Allergie aux protéines de lait de vache : Quand le problème est « dans » le biberon

Avant l’âge de deux ans, les œufs, le poisson et le lait sont considérés comme les principales causes d’allergies alimentaires et avant l’âge d’un an, c’est le lait qui en est l’agent majeur.

 

En effet, l’allergie aux protéines au lait de vache (APLV), appelée aussi intolérance aux protéines de lait de vache, est l’allergie alimentaire la plus fréquente chez les bébés avant la diversification alimentaire. Elle peut se manifester dès les premiers biberons ou être plus latente et se révéler plus tardivement mais heureusement qu’il s’agit d’une situation transitoire qui finit par disparaître vers l’âge de 3 ans dans la majorité des cas. Ceci dit, dans 20% des cas, cette allergie peut être rebelle, persistante et s’associer plus tard à d’autres types d’allergies alimentaires, à une rhinite allergique ou plus gravement à un asthme.

 

Pourquoi certains enfants sont allergiques au « lait » ?

 

Les protéines du lait, dont le nombre avoisine la trentaine, sont toutes potentiellement allergisantes. Mais celles qui sont le plus fréquemment incriminées sont la caséine et la bétalactoglobuline. Ces dernières sont à l’origine d’une sensibilisation au niveau des intestins du nourrisson ce qui engendre la cascade des troubles digestifs bien connus par les mamans.

 

Quels sont les signes qui accompagnent cette allergie ?

 

En plus des troubles digestifs qui représentent plus de la moitié des manifestations cliniques, les signes cutanés et respiratoires représentent respectivement 30% et 19% des tableaux cliniques rencontrés.

 

Une à deux heures après le biberon surviennent des vomissements, des selles liquides, voire de la diarrhée et une urticaire. Chez les enfants plus âgés, des douleurs abdominales, une toux persistante ou carrément un tableau d’asthme sont décrits.

 

Pour authentifier l’APLV, le meilleur test reste celui de l’éviction-réintroduction qui consiste, comme son nom l’indique, en la suppression du lait pour que les signes cliniques disparaissent puis en sa réintroduction pour voir réapparaître ces symptômes. Il faut toutefois savoir que ce test, potentiellement dangereux, doit impérativement être réalisé dans une structure hospitalière équipée des moyens nécessaires pour la réanimation et sous stricte surveillance médicale, car la littérature rapporte tout de même des cas de mort subite de nourrissons en rapport avec une allergie cataclysmique.

 

Comment faire face à cette allergie ?

 

Bien entendu, le meilleur aspect thérapeutique repose sur l’éviction des protéines lactées et c’est au praticien de prescrire les produits de remplacement appropriés à l’état clinique et nutritionnel du bébé. C’est au médecin également de décider de l’âge et des modalités de la réintroduction du lait. D’après les statistiques, une allergie à une protéine de lait mettrait 12 mois pour disparaître naturellement.

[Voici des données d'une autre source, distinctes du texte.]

(* Let $n>1$ be an odd integer. If a $(K_2,K_{1,n})$-$URD(v;1,s)$ exists, then $v \equiv 2(n+1) \pmod{n(n+1)}$ and, writing $v=n(n+1)k+2(n+1)$, $s=\frac{((n+1)k+2)(n+1)}{2}$.
   Context: For graphs $H_1,H_2$, an $(H_1,H_2)$-$URD(v;r,s)$ is a decomposition of the edge set of the complete graph $K_v$ into edge-disjoint subgraphs (blocks), where the blocks are partitioned into $r+s$ classes, each class being a spanning collection of vertex-disjoint blocks (every vertex of $K_v$ lies in exactly one block of the class), such that $r$ classes consist only of copies of $H_1$ and $s$ classes consist only of copies of $H_2$. Here $K_2$ is a single edge and $K_{1,n}$ is the star with $n$ edges. *)

theory Defs
  imports "HOL-Number_Theory.Cong"
begin

text \<open>A block (subgraph) is represented by its edge set; since the graphs H considered
  (K_2 and stars K_{1,n}) have no isolated vertices, the vertex set of a block is
  the union of its edges.\<close>

definition Kv_edges :: "nat \<Rightarrow> nat set set" where
  "Kv_edges v = {e. \<exists>x y. x < v \<and> y < v \<and> x \<noteq> y \<and> e = {x, y}}"

definition block_verts :: "nat set set \<Rightarrow> nat set" where
  "block_verts B = \<Union> B"

definition is_K2 :: "nat set set \<Rightarrow> bool" where
  "is_K2 B \<longleftrightarrow> (\<exists>x y. x \<noteq> y \<and> B = {{x, y}})"

definition is_star :: "nat \<Rightarrow> nat set set \<Rightarrow> bool" where
  "is_star n B \<longleftrightarrow> (\<exists>c L. finite L \<and> card L = n \<and> c \<notin> L \<and> B = (\<lambda>l. {c, l}) ` L)"

definition res_class :: "(nat set set \<Rightarrow> bool) \<Rightarrow> nat \<Rightarrow> nat set set set \<Rightarrow> bool" where
  "res_class isH v C \<longleftrightarrow>
     (\<forall>B\<in>C. isH B \<and> B \<subseteq> Kv_edges v) \<and>
     (\<forall>x<v. \<exists>!B. B \<in> C \<and> x \<in> block_verts B)"

definition URD :: "(nat set set \<Rightarrow> bool) \<Rightarrow> (nat set set \<Rightarrow> bool) \<Rightarrow> nat \<Rightarrow> nat \<Rightarrow> nat \<Rightarrow> bool" where
  "URD isH1 isH2 v r s \<longleftrightarrow>
     (\<exists>C :: nat \<Rightarrow> nat set set set.
        (\<forall>i<r. res_class isH1 v (C i)) \<and>
        (\<forall>i. r \<le> i \<and> i < r + s \<longrightarrow> res_class isH2 v (C i)) \<and>
        (\<forall>e\<in>Kv_edges v. \<exists>!p. fst p < r + s \<and> snd p \<in> C (fst p) \<and> e \<in> snd p))"

end

theory Submission
  imports Defs
begin

text \<open>Count the edges of \<open>K\<^sub>v\<close> class by class. The perfect matching contributes \<open>v/2\<close>
  edges and each of the \<open>s\<close> star classes consists of \<open>v/(n+1)\<close> stars with \<open>n\<close> edges, so
  \<open>v(v-1)/2 = v/2 + s n v/(n+1)\<close>, i.e. \<open>(n+1)(v-2) = 2sn\<close>. Since \<open>n\<close> and \<open>n+1\<close> are
  coprime, \<open>n\<close> divides \<open>v-2\<close>; together with \<open>n+1 | v\<close> this gives the congruence, and
  solving for \<open>s\<close> gives its value.\<close>

lemma finite_Kv_edges: "finite (Kv_edges v)"
proof (rule finite_subset)
  show "Kv_edges v \<subseteq> Pow {..<v}" unfolding Kv_edges_def by auto
qed simp

lemma card_Kv_edges: "2 * card (Kv_edges v) = v * (v - 1)"
proof -
  have "Kv_edges v = {e. e \<subseteq> {..<v} \<and> card e = 2}"
    unfolding Kv_edges_def card_2_iff by auto
  then have "card (Kv_edges v) = v choose 2"
    by (simp add: n_subsets)
  moreover have "even (v * (v - 1))" by (cases "even v") (auto simp: even_mult_iff)
  ultimately show ?thesis by (metis choose_two dvd_mult_div_cancel)
qed

lemma card_block_verts_K2: "is_K2 B \<Longrightarrow> card (block_verts B) = 2"
  and card_K2: "is_K2 B \<Longrightarrow> card B = 1"
  unfolding is_K2_def block_verts_def by auto

lemma card_block_verts_star:
  assumes "n \<ge> 1" "is_star n B"
  shows "card (block_verts B) = n + 1"
proof -
  obtain c L where L: "finite L" "card L = n" "c \<notin> L" "B = (\<lambda>l. {c, l}) ` L"
    using assms(2) unfolding is_star_def by blast
  have "L \<noteq> {}" using L assms(1) by auto
  then have "block_verts B = insert c L" unfolding block_verts_def L(4) by auto
  then show ?thesis using L by simp
qed

lemma card_star: "is_star n B \<Longrightarrow> card B = n"
  unfolding is_star_def by (auto simp: card_image inj_on_def doubleton_eq_iff)

lemma res_class_finite: "res_class isH v C \<Longrightarrow> finite C"
  unfolding res_class_def
  by (meson PowI finite_Kv_edges finite_Pow_iff finite_subset subsetI)

lemma res_class_block_verts_partition:
  assumes "res_class isH v C"
  shows "(\<Union>B\<in>C. block_verts B) = {..<v}"
    and "\<And>B B'. B \<in> C \<Longrightarrow> B' \<in> C \<Longrightarrow> B \<noteq> B' \<Longrightarrow> block_verts B \<inter> block_verts B' = {}"
proof -
  have sub: "block_verts B \<subseteq> {..<v}" if "B \<in> C" for B
  proof -
    have "B \<subseteq> Kv_edges v" using assms that unfolding res_class_def by simp
    moreover have "\<Union>(Kv_edges v) \<subseteq> {..<v}" unfolding Kv_edges_def by auto
    ultimately show ?thesis unfolding block_verts_def by blast
  qed
  have unique: "\<exists>!B. B \<in> C \<and> x \<in> block_verts B" if "x < v" for x
    using assms that unfolding res_class_def by simp
  show "(\<Union>B\<in>C. block_verts B) = {..<v}"
  proof
    show "(\<Union>B\<in>C. block_verts B) \<subseteq> {..<v}" using sub by blast
    show "{..<v} \<subseteq> (\<Union>B\<in>C. block_verts B)"
    proof
      fix x assume "x \<in> {..<v}"
      then have "x < v" by simp
      then obtain B where "B \<in> C" "x \<in> block_verts B" using unique by blast
      then show "x \<in> (\<Union>B\<in>C. block_verts B)" by blast
    qed
  qed
  show "block_verts B \<inter> block_verts B' = {}"
    if "B \<in> C" "B' \<in> C" "B \<noteq> B'" for B B'
  proof -
    have False if "x \<in> block_verts B" "x \<in> block_verts B'" for x
    proof -
      have "x < v" using sub \<open>B \<in> C\<close> that(1) by blast
      then show False using unique[of x] that \<open>B \<in> C\<close> \<open>B' \<in> C\<close> \<open>B \<noteq> B'\<close> by blast
    qed
    then show ?thesis by blast
  qed
qed

lemma res_class_card:
  assumes "res_class isH v C"
    and "\<And>B. isH B \<Longrightarrow> card (block_verts B) = a"
  shows "card C * a = v"
proof -
  have blocks: "\<And>B. B \<in> C \<Longrightarrow> isH B" using assms(1) unfolding res_class_def by blast
  have "v = card (\<Union>B\<in>C. block_verts B)"
    using res_class_block_verts_partition(1)[OF assms(1)] by simp
  also have "\<dots> = (\<Sum>B\<in>C. card (block_verts B))"
  proof (rule card_UN_disjoint)
    show "finite C" using assms(1) by (rule res_class_finite)
    show "\<forall>B\<in>C. finite (block_verts B)"
      using res_class_block_verts_partition(1)[OF assms(1)]
      by (metis UN_upper finite_lessThan finite_subset)
    show "\<forall>B\<in>C. \<forall>B'\<in>C. B \<noteq> B' \<longrightarrow> block_verts B \<inter> block_verts B' = {}"
      using res_class_block_verts_partition(2)[OF assms(1)] by blast
  qed
  also have "\<dots> = card C * a" using assms(2) blocks by simp
  finally show ?thesis by simp
qed

lemma res_class_sum_card:
  assumes "res_class isH v C"
    and "\<And>B. isH B \<Longrightarrow> card (block_verts B) = a"
    and "\<And>B. isH B \<Longrightarrow> card B = b"
    and "a > 0"
  shows "(\<Sum>B\<in>C. card B) = b * (v div a)"
proof -
  have "(\<Sum>B\<in>C. card B) = (\<Sum>B\<in>C. b)"
    using assms(1,3) unfolding res_class_def by (intro sum.cong) simp_all
  also have "\<dots> = b * card C" by simp
  also have "card C = v div a"
    using res_class_card[OF assms(1,2)] assms(4) by auto
  finally show ?thesis .
qed

lemma card_Kv_edges_decomposition:
  fixes N :: nat
  assumes fin: "\<And>i. i < N \<Longrightarrow> finite (C i)"
    and sub: "\<And>i B. i < N \<Longrightarrow> B \<in> C i \<Longrightarrow> B \<subseteq> Kv_edges v"
    and cover: "\<forall>e\<in>Kv_edges v. \<exists>!p. fst p < N \<and> snd p \<in> C (fst p) \<and> e \<in> snd p"
  shows "card (Kv_edges v) = (\<Sum>i<N. \<Sum>B\<in>C i. card B)"
proof -
  define P where "P = Sigma {..<N} C"
  have edges: "Kv_edges v = (\<Union>p\<in>P. snd p)"
    using cover sub unfolding P_def by fastforce
  have "card (Kv_edges v) = (\<Sum>p\<in>P. card (snd p))"
    unfolding edges
  proof (rule card_UN_disjoint)
    show "finite P" unfolding P_def using fin by (intro finite_SigmaI) simp_all
    show "\<forall>p\<in>P. finite (snd p)"
      using edges finite_Kv_edges by (metis UN_upper finite_subset)
    show "\<forall>p\<in>P. \<forall>q\<in>P. p \<noteq> q \<longrightarrow> snd p \<inter> snd q = {}"
    proof (intro ballI impI)
      fix p q assume "p \<in> P" "q \<in> P" "p \<noteq> q"
      then have "fst p < N \<and> snd p \<in> C (fst p)" "fst q < N \<and> snd q \<in> C (fst q)"
        unfolding P_def by auto
      then show "snd p \<inter> snd q = {}"
        using cover edges \<open>p \<in> P\<close> \<open>p \<noteq> q\<close> by blast
    qed
  qed
  also have "\<dots> = (\<Sum>i<N. \<Sum>B\<in>C i. card B)"
    unfolding P_def using fin by (subst sum.Sigma) (auto simp: split_def)
  finally show ?thesis .
qed

lemma URD_edge_count:
  assumes "URD isH1 isH2 v r s"
    and "\<And>B. isH1 B \<Longrightarrow> card (block_verts B) = a1" "\<And>B. isH1 B \<Longrightarrow> card B = b1"
    and "\<And>B. isH2 B \<Longrightarrow> card (block_verts B) = a2" "\<And>B. isH2 B \<Longrightarrow> card B = b2"
    and "a1 > 0" "a2 > 0"
  shows "card (Kv_edges v) = r * (b1 * (v div a1)) + s * (b2 * (v div a2))"
proof -
  obtain C where first: "\<And>i. i < r \<Longrightarrow> res_class isH1 v (C i)"
    and second: "\<And>i. r \<le> i \<Longrightarrow> i < r + s \<Longrightarrow> res_class isH2 v (C i)"
    and cover: "\<forall>e\<in>Kv_edges v. \<exists>!p. fst p < r + s \<and> snd p \<in> C (fst p) \<and> e \<in> snd p"
    using assms(1) unfolding URD_def by blast
  have classes: "res_class isH1 v (C i) \<or> res_class isH2 v (C i)" if "i < r + s" for i
    using first second that not_le by blast
  have "card (Kv_edges v) = (\<Sum>i<r + s. \<Sum>B\<in>C i. card B)"
  proof (rule card_Kv_edges_decomposition)
    show "finite (C i)" if "i < r + s" for i
      using classes[OF that] res_class_finite by blast
    show "B \<subseteq> Kv_edges v" if "i < r + s" "B \<in> C i" for i B
      using classes[OF that(1)] that(2) unfolding res_class_def by blast
  qed (fact cover)
  also have "\<dots> = (\<Sum>i<r. \<Sum>B\<in>C i. card B) + (\<Sum>i\<in>{r..<r + s}. \<Sum>B\<in>C i. card B)"
    by (simp add: lessThan_atLeast0 sum.atLeastLessThan_concat)
  also have "(\<Sum>i<r. \<Sum>B\<in>C i. card B) = r * (b1 * (v div a1))"
    using res_class_sum_card[OF first assms(2,3,6)] by simp
  also have "(\<Sum>i\<in>{r..<r + s}. \<Sum>B\<in>C i. card B) = s * (b2 * (v div a2))"
    using res_class_sum_card[OF second assms(4,5,7)] by simp
  finally show ?thesis .
qed

lemma URD_res_class_first: "URD isH1 isH2 v r s \<Longrightarrow> r > 0 \<Longrightarrow> \<exists>C. res_class isH1 v C"
  unfolding URD_def by blast

lemma URD_res_class_second: "URD isH1 isH2 v r s \<Longrightarrow> s > 0 \<Longrightarrow> \<exists>C. res_class isH2 v C"
  unfolding URD_def by (meson add_strict_left_mono add.right_neutral le_add1)

lemma matching_star_edge_equation:
  fixes n v s :: nat
  assumes "v > 0" "2 dvd v" "n + 1 dvd v"
    and "v * (v - 1) = 2 * (v div 2 + s * (n * (v div (n + 1))))"
  shows "(n + 1) * (v - 2) = 2 * s * n"
proof -
  obtain m where v_m: "m * (n + 1) = v" using assms(3) by (metis dvd_def mult.commute)
  then have "m > 0" using assms(1) by (cases m) auto
  have "v div (n + 1) = m" using v_m nonzero_mult_div_cancel_right[of "n + 1" m] by simp
  then have "v * (v - 1) = v + 2 * s * n * m" using assms(2,4) by simp
  then have "v * (v - 2) = 2 * s * n * m" by (simp add: diff_mult_distrib2)
  have "m * ((n + 1) * (v - 2)) = v * (v - 2)"
    by (simp only: mult.assoc[symmetric] v_m)
  also have "\<dots> = m * (2 * s * n)"
    using \<open>v * (v - 2) = 2 * s * n * m\<close> by (simp add: ac_simps)
  finally show ?thesis using \<open>m > 0\<close> by simp
qed

lemma edge_equation_imp_cong_int:
  fixes n v s :: int
  assumes "n + 1 dvd v" and "(n + 1) * (v - 2) = 2 * s * n"
  shows "[v = 2 * (n + 1)] (mod n * (n + 1))"
proof -
  have coprime: "coprime n (n + 1)" by simp
  have "n dvd (n + 1) * (v - 2)" using assms(2) by simp
  then have "n dvd v - 2" using coprime coprime_dvd_mult_right_iff by blast
  then have "n dvd (v - 2) - 2 * n" by simp
  moreover have "n + 1 dvd v - 2 * (n + 1)" by (rule dvd_diff[OF assms(1) dvd_triv_right])
  ultimately have "n * (n + 1) dvd v - 2 * (n + 1)"
    using coprime by (intro divides_mult) (simp_all add: algebra_simps)
  then show ?thesis by (simp add: cong_iff_dvd_diff)
qed

lemma edge_equation_imp_cong:
  fixes n v s :: nat
  assumes "n + 1 dvd v" and "v \<ge> 2" and "(n + 1) * (v - 2) = 2 * s * n"
  shows "[v = 2 * (n + 1)] (mod n * (n + 1))"
proof -
  have "int n + 1 dvd int v" using assms(1) by (metis of_nat_dvd_iff of_nat_Suc Suc_eq_plus1 add.commute)
  moreover have "int (v - 2) = int v - 2" using assms(2) by simp
  then have "(int n + 1) * (int v - 2) = 2 * int s * int n"
    using arg_cong[OF assms(3), of int] by (simp only: of_nat_mult of_nat_add of_nat_1 of_nat_numeral)
  ultimately have "[int v = 2 * (int n + 1)] (mod int n * (int n + 1))"
    by (rule edge_equation_imp_cong_int)
  then show ?thesis by (simp add: cong_int_iff[symmetric] algebra_simps)
qed

theorem lemma1:
  fixes n v s :: nat
  assumes "n > 1" and "odd n"
    and "v \<ge> 1" and "s \<ge> 1"
    and "URD is_K2 (is_star n) v 1 s"
  shows "[v = 2 * (n + 1)] (mod n * (n + 1)) \<and>
         (\<forall>k::nat. v = n * (n + 1) * k + 2 * (n + 1) \<longrightarrow>
            2 * s = ((n + 1) * k + 2) * (n + 1))"
proof -
  have "n \<ge> 1" using assms(1) by simp
  obtain M where "res_class is_K2 v M" using URD_res_class_first[OF assms(5)] by auto
  then have "card M * 2 = v" using card_block_verts_K2 by (rule res_class_card)
  then have "2 dvd v" and "v \<ge> 2" using assms(3) by auto
  obtain S where "res_class (is_star n) v S" using URD_res_class_second[OF assms(5)] assms(4) by auto
  then have "card S * (n + 1) = v" using card_block_verts_star[OF \<open>n \<ge> 1\<close>] by (rule res_class_card)
  then have "n + 1 dvd v" by (metis dvd_triv_right)
  have "card (Kv_edges v) = v div 2 + s * (n * (v div (n + 1)))"
    using URD_edge_count[OF assms(5) card_block_verts_K2 card_K2
        card_block_verts_star[OF \<open>n \<ge> 1\<close>] card_star] by simp
  then have key: "(n + 1) * (v - 2) = 2 * s * n"
    using card_Kv_edges[of v] \<open>2 dvd v\<close> \<open>n + 1 dvd v\<close> assms(3)
    by (intro matching_star_edge_equation) auto
  have "2 * s = ((n + 1) * k + 2) * (n + 1)" if "v = n * (n + 1) * k + 2 * (n + 1)" for k
  proof -
    have "n * (2 * s) = n * (((n + 1) * k + 2) * (n + 1))"
      using key that by (simp add: algebra_simps)
    then show ?thesis using assms(1) by (metis mult_cancel_left not_one_less_zero)
  qed
  then show ?thesis
    using edge_equation_imp_cong[OF \<open>n + 1 dvd v\<close> \<open>v \<ge> 2\<close> key] by blast
qed

end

Afin de minimiser ce risque d’allergie qui ne cesse de s’accroître, l’allaitement maternel exclusif jusqu’à l’âge de 6 mois est fortement conseillé et une diversification alimentaire suivra passé ce délai. Il est également recommandé de retarder l’introduction du blanc d’œuf du poisson et de l’huile d’arachide, soit après la première année.